Extracted records:
● ● ● ●

lemma commutes_pow:
  "x \<in> carrier G \<Longrightarrow> y \<in> carrier G \<Longrightarrow> x \<otimes> y = y \<otimes> x \<Longrightarrow> x \<otimes> y [^] (n::nat) = y [^] n \<otimes> x"
  using group_commutes_pow[of y x n] by simp

lemma conj_nat_pow:
  "x \<in> carrier G \<Longrightarrow> y \<in> carrier G \<Longrightarrow> x \<otimes> y [^] (n::nat) \<otimes> inv x = (x \<otimes> y \<otimes> inv x) [^] n"
proof (induction n)
  case (Suc n)
  have "(x \<otimes> y [^] n \<otimes> inv x) \<otimes> (x \<otimes> y \<otimes> inv x) = x \<otimes> y [^] n \<otimes> (inv x \<otimes> x) \<otimes> y \<otimes> inv x"
    using Suc.prems by (simp add: m_assoc inv_mult_cancel_left)
  also have "\<dots> = x \<otimes> y [^] Suc n \<otimes> inv x"
    using Suc.prems by (simp add: m_assoc)
  finally show ?case
    using Suc by simp
qed simp

lemma conj_int_pow:
  assumes "x \<in> carrier G" "y \<in> carrier G"
  shows "x \<otimes> y [^] (n::int) \<otimes> inv x = (x \<otimes> y \<otimes> inv x) [^] n"
proof (cases n rule: int_cases)
  case (nonneg m)
  then show ?thesis
    using assms conj_nat_pow[of x y m] by (simp add: int_pow_int)
next
  case (neg m)
  have "x \<otimes> inv (y [^] Suc m) \<otimes> inv x = inv (x \<otimes> y [^] Suc m \<otimes> inv x)"
    using assms by (simp add: inv_mult_group m_assoc)
  then show ?thesis
    using neg assms conj_nat_pow[of x y "Suc m"]
    by (simp add: int_pow_neg_int inv_mult_cancel_left del: of_nat_Suc)
qed

definition commutator :: "'a \<Rightarrow> 'a \<Rightarrow> 'a" where
  "commutator x y = x \<otimes> y \<otimes> inv x \<otimes> inv y"
(* Let $k_1,k_2$ be positive integers and let $D$ be a digraph containing no subdivision of $C(k_1,k_2)$ as a subdigraph. Then $\chi(D)\le 3\,\alpha(D)\,k$, where $k=\max\{k_1,k_2\}$ and $\alpha(D)$ is the maximum size of a stable set of (the underlying graph of) $D$.
   Context: Digraphs are orientations of finite simple graphs (no loops, no multiple arcs, no pair of opposite arcs). The chromatic number $\chi(D)$ of a digraph is the chromatic number of its underlying undirected graph. For positive integers $k_1,k_2$, $C(k_1,k_2)$ is the oriented cycle formed by two internally disjoint directed $xy$-paths of lengths $k_1$ and $k_2$. A subdivision of a digraph $H$ is obtained by replacing each arc $(u,v)$ by a directed $uv$-path of length at least $1$, these paths being internally disjoint. *)

theory Defs
  imports Main
begin

definition oriented_graph :: "'a set \<Rightarrow> ('a \<times> 'a) set \<Rightarrow> bool" where
  "oriented_graph V A \<longleftrightarrow> finite V \<and> A \<subseteq> V \<times> V \<and>
     (\<forall>u. (u, u) \<notin> A) \<and> (\<forall>u v. (u, v) \<in> A \<longrightarrow> (v, u) \<notin> A)"

definition adj :: "('a \<times> 'a) set \<Rightarrow> 'a \<Rightarrow> 'a \<Rightarrow> bool" where
  "adj A u v \<longleftrightarrow> (u, v) \<in> A \<or> (v, u) \<in> A"

definition proper_colouring :: "'a set \<Rightarrow> ('a \<times> 'a) set \<Rightarrow> nat \<Rightarrow> ('a \<Rightarrow> nat) \<Rightarrow> bool" where
  "proper_colouring V A k c \<longleftrightarrow> (\<forall>v\<in>V. c v < k) \<and> (\<forall>u\<in>V. \<forall>v\<in>V. adj A u v \<longrightarrow> c u \<noteq> c v)"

● ● ● ●

• [Problem]: Only a number is wanted here: how many lines of the records above include the string "forall"?

• [Output of the task]: 2